Thermochemical Studies of Ni(II) and Zn(II) Ternary Complexes Using Ion Mobility-Mass Spectrometry
Summary
This article describes an experimental protocol using electrospray-ion mobility-mass spectrometry, semi-empirical quantum calculations, and energy-resolved threshold collision-induced dissociation to measure the relative thermochemistry of the dissociation of related ternary metal complexes.
Abstract
This article describes an experimental protocol using electrospray-ion mobility-mass spectrometry (ES-IM-MS) and energy-resolved threshold collision-induced dissociation (TCID) to measure the thermochemistry of the dissociation of negatively-charged [amb+M(II)+NTA]– ternary complexes into two product channels: [amb+M(II)] + NTA or [NTA+M(II)]– + amb, where M = Zn or Ni and NTA is nitrilotriacetic acid. The complexes contain one of the alternative metal binding (amb) heptapeptides with the primary structures acetyl-His1-Cys2-Gly3-Pro4-Tyr5-His6-Cys7 or acetyl-Asp1-Cys2-Gly3-Pro4-Tyr5-His6-Cys7, where the amino acids' Aa1,2,6,7 positions are the potential metal-binding sites. Geometry-optimized stationary states of the ternary complexes and their products were selected from quantum chemistry calculations (presently the PM6 semi-empirical Hamiltonian) by comparing their electronic energies and their collision cross-sections (CCS) to those measured by ES-IM-MS. From the PM6 frequency calculations, the molecular parameters of the ternary complex and its products model the energy-dependent intensities of the two product channels using a competitive TCID method to determine the threshold energies of the reactions that relate to the 0 K enthalpies of dissociation (ΔH0). Statistical mechanics thermal and entropy corrections using the PM6 rotational and vibrational frequencies provide the 298 K enthalpies of dissociation (ΔH298). These methods describe an EI-IM-MS routine that can determine thermochemistry and equilibrium constants for a range of ternary metal ion complexes.
Introduction
This study describes a new technique using a commercially available ion mobility-mass spectrometer that allows the determination of the relative thermochemistry for the dissociation of an alternative metal binding (amb) ternary metal complex [amb+M(II)+NTA], where M = Zn or Ni and NTA = nitrilotriacetic acid (Figure 1). These reactions model the dissociation of the amb-tagged recombinant protein attached to the NTA-immobilized metal during immobilized metal affinity chromatography (IMAC)1,2. As an example, this method is described using the amb heptapeptide tags of amb A and H (Figure 2) (chosen from the previous studies3,4,5,6,7,8,9,10,11,12) that exhibit Zn(II) and Ni(II)-binding properties and, thus, have potential applications as purification tags. However, the described process can be used to evaluate thermochemical energies in any organometallic system. These amb peptides have metal-binding sites in the Aa1-Aa2 and Aa6-Aa7 positions that compete with the carboxylate and amine sites of the NTA. The three central amb amino acids provide a spacer (Gly3), the hinge for the two arms (Pro4), and a long-distance π-metal cation interaction (Tyr5).

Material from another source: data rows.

section \<open>Monotonicity from one-sided estimates\<close>

lemma real_interval_induct:
  fixes P :: "real \<Rightarrow> bool"
  assumes ab: "a \<le> b" and Pa: "P a"
    and left: "\<And>t. a < t \<Longrightarrow> t \<le> b \<Longrightarrow> (\<And>u. a \<le> u \<Longrightarrow> u < t \<Longrightarrow> P u) \<Longrightarrow> P t"
    and right: "\<And>t. a \<le> t \<Longrightarrow> t < b \<Longrightarrow> P t \<Longrightarrow> \<exists>\<delta>>0. \<forall>s. t < s \<and> s < t + \<delta> \<longrightarrow> P s"
  shows "P b"
proof -
  define S where "S = {t. a \<le> t \<and> t \<le> b \<and> (\<forall>u. a \<le> u \<and> u \<le> t \<longrightarrow> P u)}"
  define c where "c = Sup S"
  have aS: "a \<in> S" using ab Pa by (auto simp: S_def)
  have bdd: "bdd_above S" by (auto simp: S_def bdd_above_def)
  have ac: "a \<le> c" using aS bdd by (simp add: c_def cSup_upper)
  have cb: "c \<le> b" unfolding c_def using aS by (intro cSup_least) (auto simp: S_def)
  have below: "P u" if "a \<le> u" "u < c" for u
  proof -
    obtain t where "t \<in> S" "u < t" using \<open>u < c\<close> aS unfolding c_def by (metis less_cSupD empty_iff)
    then show ?thesis using that by (auto simp: S_def)
  qed
  have "P c" using ac below left[OF _ cb] Pa by (cases "c = a") auto
  have "c = b"
  proof (rule ccontr)
    assume "c \<noteq> b"
    with cb have "c < b" by simp
    obtain \<delta> where \<delta>: "0 < \<delta>" "\<forall>s. c < s \<and> s < c + \<delta> \<longrightarrow> P s"
      using right[OF ac \<open>c < b\<close> \<open>P c\<close>] by blast
    define t where "t = min (c + \<delta>/2) b"
    have "P u" if "a \<le> u" "u \<le> t" for u
      using below[OF \<open>a \<le> u\<close>] \<open>P c\<close> \<delta>(2)[rule_format, of u] that \<delta>(1)
      by (cases u c rule: linorder_cases) (auto simp: t_def)
    then have "t \<in> S" using ac \<open>c < b\<close> \<delta>(1) by (auto simp: S_def t_def)
    then have "t \<le> c" using bdd by (simp add: c_def cSup_upper)
    then show False using \<open>c < b\<close> \<delta>(1) by (auto simp: t_def)
  qed
  with \<open>P c\<close> show ?thesis by simp
qed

The overall 1− charge state of the [amb+M(II)+NTA]– complexes is determined by the protonation state of their potential binding sites. Since there is Ni(II) or Zn(II) with the 2+ oxidation state, there must be a net of three deprotonated negatively-charged sites. The molecular modeling of the [amb+M(II)+NTA]– complexes predicts that these are two protons from the NTA and one proton from the amb (i.e., [amb-H+M(II)+NTA-2H]–). The product channels contain an ionic species and a neutral species (i.e., [NTA-3H+M(II)]– + amb or [amb-3H+M(II)]– + NTA). In the manuscript, "-3H" is excluded in the names of the complexes, but the reader should know that the -3H is implied. The instrument measures the relative intensities of the two ionic mass-to-charge (m/z) species. A major attribute of ES-IM-MS analyses is that it allows the examination of the reactivity of a specific m/z species, as utilized here and in previous amb studies3,4,5,6,7,8,9,10,11,12.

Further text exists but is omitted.